The prototype quantizer corresponds to, for each gap, the adjacent band edge corresponding to the band with the higher localization of energy at the center of the band and the band with the lower localization of energy at the center of the band. And remove the gaps by setting equal to a frequency value of the adjacent band edge.

49. The method of claim 48 wherein

The prototype quantizer is further configured to eliminate the gaps by adjusting the frequency values of two adjacent band edges for each gap, wherein the frequency value of the adjacent band edge corresponding to a band with higher frequencies is With respect to the adjustment of the frequency value of the adjacent band edge with lower frequencies, where x is the band energy of the adjacent band with higher frequencies, and y is the adjacent band with lower frequencies.

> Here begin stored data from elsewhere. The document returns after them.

lemma card_basis_with_zero_le: "card basis_with_zero \<le> 6"
proof -
  have "card ((\<lambda>j. (replicate 5 0)[j := 1]) ` {..<5::nat}) \<le> 5"
    using card_image_le[of "{..<5::nat}"] by simp
  then show ?thesis
    by (auto simp: basis_with_zero_def card_insert_if)
qed

lemma perm_weight_unit_vector:
  assumes "\<pi> permutes {..<5}" "j < 5"
  shows "perm_weight \<pi> ((replicate 5 0)[j := 1]) = int (\<pi> j) + 1"
proof -
  have "\<pi> j < 5"
    using permutes_in_image[OF assms(1), of j] assms(2) by simp
  moreover have "(\<Sum>i<5. int (\<pi> i + 1) * (replicate 5 0)[j := 1] ! i) = int (\<pi> j + 1)"
    using assms(2) by (simp add: nth_list_update if_distrib[of "\<lambda>x. _ * x"] cong: if_cong)
  ultimately show ?thesis
    by simp
qed

lemma perm_weight_image:
  assumes "\<pi> permutes {..<5}"
  shows "perm_weight \<pi> ` basis_with_zero = {0..<6}"
proof -
  have "(\<lambda>j. perm_weight \<pi> ((replicate 5 0)[j := 1])) ` {..<5} = (\<lambda>j. int (\<pi> j) + 1) ` {..<5}"
    by (rule image_cong[OF refl]) (rule perm_weight_unit_vector[OF assms], simp)
  then have "perm_weight \<pi> ` basis_with_zero = insert 0 ((\<lambda>j. int (\<pi> j) + 1) ` {..<5})"
    unfolding basis_with_zero_def image_insert image_image by simp
  also have "(\<lambda>j. int (\<pi> j) + 1) ` {..<5} = (\<lambda>k. int k + 1) ` \<pi> ` {..<5}"
    by (simp add: image_image)
  also have "\<dots> = {1..<6}"
  proof (rule set_eqI)
    fix v :: int
    show "v \<in> (\<lambda>k. int k + 1) ` \<pi> ` {..<5} \<longleftrightarrow> v \<in> {1..<6}"
      unfolding permutes_image[OF assms]
      by (auto intro: image_eqI[of _ _ "nat (v - 1)"])
  qed
  finally show ?thesis
    by auto
qed

lemma bij_betw_perm_weight:
  assumes "\<pi> permutes {..<5}"
  shows "bij_betw (perm_weight \<pi>) basis_with_zero {0..<6}"
proof -
  have fin: "finite basis_with_zero"
    by (simp add: basis_with_zero_def)
  have "card (perm_weight \<pi> ` basis_with_zero) = 6"
    unfolding perm_weight_image[OF assms] by simp
  then have "card (perm_weight \<pi> ` basis_with_zero) = card basis_with_zero"
    using card_basis_with_zero_le card_image_le[OF fin, of "perm_weight \<pi>"] by linarith
  then show ?thesis
    using fin perm_weight_image[OF assms] by (simp only: bij_betw_def eq_card_imp_inj_on)
qed

lemma A_perm_tiling:
  assumes "\<pi> permutes {..<5}"
  shows "tiling (replicate 5 6) (A_perm \<pi>) basis_with_zero"
  unfolding A_perm_def
  by (rule tiling_kernel_by_transversal[OF _ basis_with_zero_subset_grp bij_betw_perm_weight[OF assms]])
    simp

lemma A_set_tiling:
  assumes "0 < q" "\<forall>k<120. e k permutes {..<5}"
  shows "tiling (replicate 5 6 @ [int q]) (A_set e q) ((\<lambda>c. c @ [0]) ` basis_with_zero)"
  unfolding A_set_def by (rule tiling_fibres) (use assms A_perm_tiling in auto)

theorem lemma3p3:
  fixes p q :: nat and e :: "nat \<Rightarrow> nat \<Rightarrow> nat"
    and B :: "int list set" and t :: "int list \<Rightarrow> int list"
  assumes "prime p" "p > 3" "prime q" "q > 6 * p ^ 4"
    and "bij_betw e {..<120} {\<pi>. \<pi> permutes {..<5}}"
    and "B \<subseteq> grp (replicate 4 (int p))"
    and "spectral (replicate 4 (int p)) B"
    and "card B = 2 * p"
    and "\<forall>a\<in>A_set e q. t a \<in> grp (replicate 4 (int p))"
  shows "pd_tiles (replicate 5 6 @ [int q] @ replicate 4 (int p))
           (P_set (replicate 4 (int p)) (A_set e q) t B)"
proof -
  have "0 < p" "0 < q"
    using assms(1,3) prime_gt_0_nat by blast+
  then have pos_G: "set (replicate 5 6 @ [int q]) \<subseteq> {0<..}"
    and pos_H: "set (replicate 4 (int p)) \<subseteq> {0<..}"
    by auto
  have "\<forall>k<120. e k permutes {..<5}"
    using bij_betw_apply[OF assms(5)] by simp
  then have A_tiling: "tiling (replicate 5 6 @ [int q]) (A_set e q) ((\<lambda>c. c @ [0]) ` basis_with_zero)"
    using A_set_tiling \<open>0 < q\<close> by blast
  have "B \<noteq> {}"
    using assms(8) \<open>0 < p\<close> by auto
  then have tiles_B: "pd_tiles (replicate 4 (int p)) B"
    using pd_tiles_if_spectral pos_H assms(6,7) by blast
  have tiles_A: "pd_tiles (replicate 5 6 @ [int q]) (A_set e q)"
    using pd_tiles_if_tiling pos_G A_tiling by blast
  have "A_set e q \<subseteq> grp (replicate 5 6 @ [int q])"
    using A_tiling by (simp add: tiling_def)
  from pd_tiles_P_set[OF pos_H this assms(6,9) tiles_A tiles_B] show ?thesis
    by simp
qed
(* Let $a,b\in C^0(\mathbb{R})$ be even and positive, and let $G\in C^0(\mathbb{R})$ be even with $G(s)\ge G(M)=0$ for all $s\in\mathbb{R}$ and $G(s)>0$ for $s\in[0,M)$, for some $M>0$. Let $m>0$ and for $L>0$ set $\Phi_m(L):=\inf_{u\in H^1_m((-L,L))}\mathcal{E}(u,(-L,L))$. The following are equivalent: (i) $\liminf_{L\to+\infty}\Phi_m(L)=0$; (ii) there exists a sequence of bounded intervals $J_n=[\alpha_n,\beta_n]\subset\mathbb{R}$ ($\alpha_n<\beta_n$) such that $\int_{J_n}\frac1a\to+\infty$ and $\int_{J_n}b\to0$.
   Context: $H^1_m((-L,L)):=\{u\in H^1((-L,L)):u(-L)=-m,\ u(L)=m\}$ and $\mathcal{E}(u,(-L,L)):=\int_{-L}^L\{\tfrac12(u')^2a(x)+G(u)b(x)\}\,dx$. *)

theory Defs
  imports "HOL-Analysis.Analysis" "HOL-Library.Extended_Real"
begin

text \<open>One-dimensional Sobolev space H^1((-L,L)), identified (as usual) with its
  continuous representatives: u is in H^1 with weak derivative g iff g is in L^2(-L,L)
  and u(x) = u(-L) + integral from -L to x of g, for x in [-L,L].\<close>
definition H1_weak :: "real \<Rightarrow> (real \<Rightarrow> real) \<Rightarrow> (real \<Rightarrow> real) \<Rightarrow> bool" where
  "H1_weak L u g \<longleftrightarrow>
     g absolutely_integrable_on {-L..L} \<and>
     (\<lambda>x. (g x)\<^sup>2) integrable_on {-L..L} \<and>
     (\<forall>x\<in>{-L..L}. u x = u (-L) + integral {-L..x} g)"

Voice coder, characterized in that the band energy of the band.

49. The method of claim 48 wherein

The prototype quantizer is further configured to eliminate the gaps by adjusting the frequency values of two adjacent band edges for each gap, wherein the frequency value of the adjacent band edge corresponding to a band with higher frequencies is The ratio of the frequency value of the adjacent band edge with lower frequencies is adjusted in an x to y ratio, where x is the ratio of the adjacent band with lower frequencies for the total energy of the adjacent band with lower frequencies. A ratio of energy of center harmonics, y being a ratio of energy of center harmonics of the adjacent bands with higher frequencies to the total energy of the adjacent bands with higher frequencies.